FWIW I've known of only two couples who have survived infidelity. Both times, the man wasn't found out, he came clean (to their partner/spouse, and then family/friends), sought counselling for themselves, never tried to blame the partner/spouse and was completely honest with everything that had happened. The guy also gave the partner time and space, and did all the work needed to earn back trust, respect etc without an expectation that the partner would stay with them. Both couples still together (many years later) and are both very strong. So it can happen in some cases.

I hope you somehow managed to get some sleep. We're all thinking of you xx

AMurderofMurderingCrows · 10/03/2025 07:51

thelab · 10/03/2025 02:02

Thank you, he’s in a taxi so I believe.
The person that said he needed a trophy for husband of the year, also needs one for dad of the year too. It’s not just me this impacts and what example do I want to set to either of them. We have a 5 year old boy and a 2 year old girl, I don't think I mentioned specifics before.

Of course, I forgot the manchild is a father. Please give him this 🖕 oh sorry, I meant this 🏆

EdithBond · 10/03/2025 07:52

Morning, I hope you managed to get some sleep. Only you can decide what to do about staying in your marriage or not. There’s no huge rush over this. You’ve had a huge shock and very little sleep. If you decide to split, you’ll need to get advice and choose the best way forward for you and the DC. So, don’t put unnecessary pressure on yourself.

What I will say is don’t let him make you think you’re questioning your commitment to the marriage. HE has done that.
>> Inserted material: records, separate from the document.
(* Let $k\ge 2$, $n\ge 1$. The reduction $\succ$ on $P_k^n$ is terminating (strongly normalizing), but it is not weakly confluent: there exist $f,r,v$ with $f\succ r$, $f\succ v$ such that there is no $w$ with $r\succeq w$ and $v\succeq w$.
   Context: $Z_k=\{0,1,\dots,k-1\}$; $P_k^n$ is the set of all maps $f:Z_k^n\to Z_k$ in the variables $x_1,\dots,x_n$. A variable $x_i$ is essential in $f$ if there are $a_1,\dots,a_n,b\in Z_k$ with $f(a_1,\dots,a_i,\dots,a_n)\ne f(a_1,\dots,a_{i-1},b,a_{i+1},\dots,a_n)$; $Ess(f)$ is the set of essential variables. For an essential variable $x_i$ of $f$ and $c\in Z_k$, the simple subfunction $f(x_i=c)$ is the function obtained by assigning $c$ to $x_i$ (regarded in $P_k^n$ with $x_i$ fictive); we write $f\succ g$ if $g=f(x_i=c)$ for some essential $x_i$ and $c\in Z_k$, and $\succeq$ denotes the reflexive-transitive closure of $\succ$. *)

theory Defs
  imports Main
begin

text \<open>Z_k^n is modelled as lists of length n with entries < k; variable x_i (1-based)
 corresponds to list index i-1. A function of P_k^n is a map on nat lists that takes
 values < k on the domain and is 0 (canonically) outside, so HOL equality is
 equality of functions on Z_k^n.\<close>

definition Zdom :: "nat \<Rightarrow> nat \<Rightarrow> nat list set" where
  "Zdom k n = {xs. length xs = n \<and> set xs \<subseteq> {..<k}}"

definition Pkn :: "nat \<Rightarrow> nat \<Rightarrow> (nat list \<Rightarrow> nat) set" where
  "Pkn k n = {f. (\<forall>xs\<in>Zdom k n. f xs < k) \<and> (\<forall>xs. xs \<notin> Zdom k n \<longrightarrow> f xs = 0)}"

definition essential :: "nat \<Rightarrow> nat \<Rightarrow> (nat list \<Rightarrow> nat) \<Rightarrow> nat \<Rightarrow> bool" where
  "essential k n f i \<longleftrightarrow> i < n \<and>
     (\<exists>a\<in>Zdom k n. \<exists>b<k. f a \<noteq> f (a[i := b]))"

definition assign :: "nat \<Rightarrow> nat \<Rightarrow> (nat list \<Rightarrow> nat) \<Rightarrow> nat \<Rightarrow> nat \<Rightarrow> (nat list \<Rightarrow> nat)" where
  "assign k n f i c = (\<lambda>xs. if xs \<in> Zdom k n then f (xs[i := c]) else 0)"

definition red :: "nat \<Rightarrow> nat \<Rightarrow> (nat list \<Rightarrow> nat) \<Rightarrow> (nat list \<Rightarrow> nat) \<Rightarrow> bool" where
  "red k n f g \<longleftrightarrow> f \<in> Pkn k n \<and>
     (\<exists>i c. essential k n f i \<and> c < k \<and> g = assign k n f i c)"

end

theory Submission
  imports Defs
begin

text \<open>Termination: a simple subfunction f(x_i = c) loses the essential variable x_i and gains
  none, so the number of essential variables strictly decreases along the reduction.
  Non-confluence: the projection x_i reduces to each constant c, and constants have no
  essential variables, so two distinct constants are distinct normal forms.\<close>

lemma list_update_in_Zdom: "a \<in> Zdom k n \<Longrightarrow> b < k \<Longrightarrow> a[j := b] \<in> Zdom k n"
  unfolding Zdom_def using set_update_subset_insert by fastforce

lemma essential_assign_imp_essential:
  assumes "essential k n (assign k n f i c) j" and "c < k"
  shows "essential k n f j"
proof -
  obtain a b where a: "a \<in> Zdom k n" and b: "b < k" and "j < n"
    and ne: "assign k n f i c a \<noteq> assign k n f i c (a[j := b])"
    using assms(1) unfolding essential_def by blast
  have "a[j := b] \<in> Zdom k n" using list_update_in_Zdom a b by blast
  then have ne': "f (a[i := c]) \<noteq> f (a[j := b, i := c])"
    using ne a unfolding assign_def by simp
  then have "j \<noteq> i" by auto
  then have "a[j := b, i := c] = a[i := c, j := b]" by (simp add: list_update_swap)
  moreover have "a[i := c] \<in> Zdom k n" using list_update_in_Zdom a assms(2) by blast
  ultimately show ?thesis using ne' \<open>j < n\<close> b unfolding essential_def by metis
qed

lemma not_essential_assign: "\<not> essential k n (assign k n f i c) i"
proof
  assume "essential k n (assign k n f i c) i"
  then obtain a b where a: "a \<in> Zdom k n" and b: "b < k"
    and ne: "assign k n f i c a \<noteq> assign k n f i c (a[i := b])"
    unfolding essential_def by blast
  have "a[i := b] \<in> Zdom k n" using list_update_in_Zdom a b by blast
  then show False using ne a unfolding assign_def by simp
qed

lemma red_essential_psubset:
  assumes "red k n f g"
  shows "{j. essential k n g j} \<subset> {j. essential k n f j}"
proof -
  obtain i c where "essential k n f i" and "c < k" and "g = assign k n f i c"
    using assms unfolding red_def by blast
  then show ?thesis
    using essential_assign_imp_essential not_essential_assign by blast
qed

lemma finite_essential: "finite {j. essential k n f j}"
  by (rule finite_subset[of _ "{..<n}"]) (auto simp: essential_def)

lemma wf_red: "wf {(g, f). red k n f g}"
proof (rule wf_subset[OF wf_measure[of "\<lambda>f. card {j. essential k n f j}"]])
  show "{(g, f). red k n f g} \<subseteq> measure (\<lambda>f. card {j. essential k n f j})"
    by (auto intro!: psubset_card_mono[OF finite_essential] red_essential_psubset)
qed

definition proj :: "nat \<Rightarrow> nat \<Rightarrow> nat \<Rightarrow> nat list \<Rightarrow> nat" where
  "proj k n i = (\<lambda>xs. if xs \<in> Zdom k n then xs ! i else 0)"

definition const :: "nat \<Rightarrow> nat \<Rightarrow> nat \<Rightarrow> nat list \<Rightarrow> nat" where
  "const k n c = (\<lambda>xs. if xs \<in> Zdom k n then c else 0)"

lemma proj_in_Pkn: "i < n \<Longrightarrow> proj k n i \<in> Pkn k n"
  unfolding Pkn_def proj_def Zdom_def by (auto intro: nth_mem)

lemma essential_proj:
  assumes "i < n" and "k \<ge> 2"
  shows "essential k n (proj k n i) i"
proof -
  let ?z = "replicate n (0::nat)"
  have "?z \<in> Zdom k n" using assms by (simp add: Zdom_def)
  moreover have "?z[i := 1] \<in> Zdom k n"
    using list_update_in_Zdom[OF \<open>?z \<in> Zdom k n\<close>, of 1] assms by simp
  ultimately show ?thesis
    using assms unfolding essential_def
    by (intro conjI bexI[of _ ?z] exI[of _ 1]) (auto simp: proj_def)
qed

lemma assign_proj: "i < n \<Longrightarrow> c < k \<Longrightarrow> assign k n (proj k n i) i c = const k n c"
proof (rule ext)
  fix xs
  assume "i < n" "c < k"
  show "assign k n (proj k n i) i c xs = const k n c xs"
  proof (cases "xs \<in> Zdom k n")
    case True
    then have "xs[i := c] \<in> Zdom k n" "length xs = n"
      using list_update_in_Zdom \<open>c < k\<close> by (auto simp: Zdom_def)
    then show ?thesis using True \<open>i < n\<close> by (simp add: assign_def proj_def const_def)
  qed (simp add: assign_def const_def)
qed

lemma red_proj_const: "i < n \<Longrightarrow> k \<ge> 2 \<Longrightarrow> c < k \<Longrightarrow> red k n (proj k n i) (const k n c)"
  unfolding red_def using proj_in_Pkn essential_proj assign_proj by metis

lemma not_essential_const: "\<not> essential k n (const k n c) j"
  unfolding essential_def const_def by (auto dest: list_update_in_Zdom)

lemma rtranclp_red_const: "(red k n)\<^sup>*\<^sup>* (const k n c) w \<Longrightarrow> w = const k n c"
  by (erule converse_rtranclpE) (auto simp: red_def not_essential_const)

lemma const_inj: "n \<ge> 1 \<Longrightarrow> k \<ge> 1 \<Longrightarrow> const k n c = const k n d \<Longrightarrow> c = d"
  unfolding const_def by (drule fun_cong[of _ _ "replicate n 0"]) (simp add: Zdom_def)

theorem theorem3:
  fixes k n :: nat
  assumes "k \<ge> 2" and "n \<ge> 1"
  shows "wf {(g, f). red k n f g}
    \<and> (\<exists>f r v. red k n f r \<and> red k n f v \<and>
          \<not> (\<exists>w. (red k n)\<^sup>*\<^sup>* r w \<and> (red k n)\<^sup>*\<^sup>* v w))"
proof
  show "wf {(g, f). red k n f g}" by (rule wf_red)
next
  have "red k n (proj k n 0) (const k n 0)" "red k n (proj k n 0) (const k n 1)"
    using assms by (auto intro: red_proj_const)
  moreover have "const k n 0 \<noteq> const k n 1"
    using assms const_inj[of n k 0 1] by auto
  ultimately show "\<exists>f r v. red k n f r \<and> red k n f v \<and>
          \<not> (\<exists>w. (red k n)\<^sup>*\<^sup>* r w \<and> (red k n)\<^sup>*\<^sup>* v w)"
    using rtranclp_red_const by metis
qed

end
He’s shown he has no commitment to the marriage in numerous ways. Being keen to go out when you were heavily pregnant with his child and struggling with his other child. Then acting like a spoilt child (and blaming you) and getting aggressive when you ask him to stay and support you. Not having an open discussion about going away on holiday with friends, but telling you at a gig. Then, on the same holiday, betraying your (clearly shaky) trust by kissing and messaging another woman. Then, when you ask him about that, lying and being verbally abusive to you. Not taking responsibility for the running of the family home, planning family days out or maximising his employment prospects.

Marriage vows are to love and cherish and these are not the actions of someone who loves and cherishes you. They’re also not the actions of a responsible, loving, devoted father, who puts his children first.

Beware of DARVO. He may tell you that, like you, he’s become v unhappy in the marriage and your home life. He may find it difficult you don’t have your own social life, so rely on him and get upset when he wants to socialise without you. He may find your standards of tidiness too high/uptight for him. Your demands on him about both these things may have felt overwhelming (and even controlling). He may be struggling. That may all be how he feels. Of course, for relationships to keep working there has to be mutual empathy and compromise: both parties moving a little to the centre. All relationships hit problems and have to be reassessed and compromise found. And if the compromise is too much for either party, they have to end.

A mature man, who loves and cherishes his wife and children, will openly and calmly communicate how he feels, suggest compromises, listen to his wife and look humbly at what he could do differently, adjust his habits to fit with the family life he’s chosen. He won’t disrespect his wife by going on holiday whatever she thinks, hooking up with another woman, then lie and get abusive about it. That’s what an impulsive, immature teenager would do.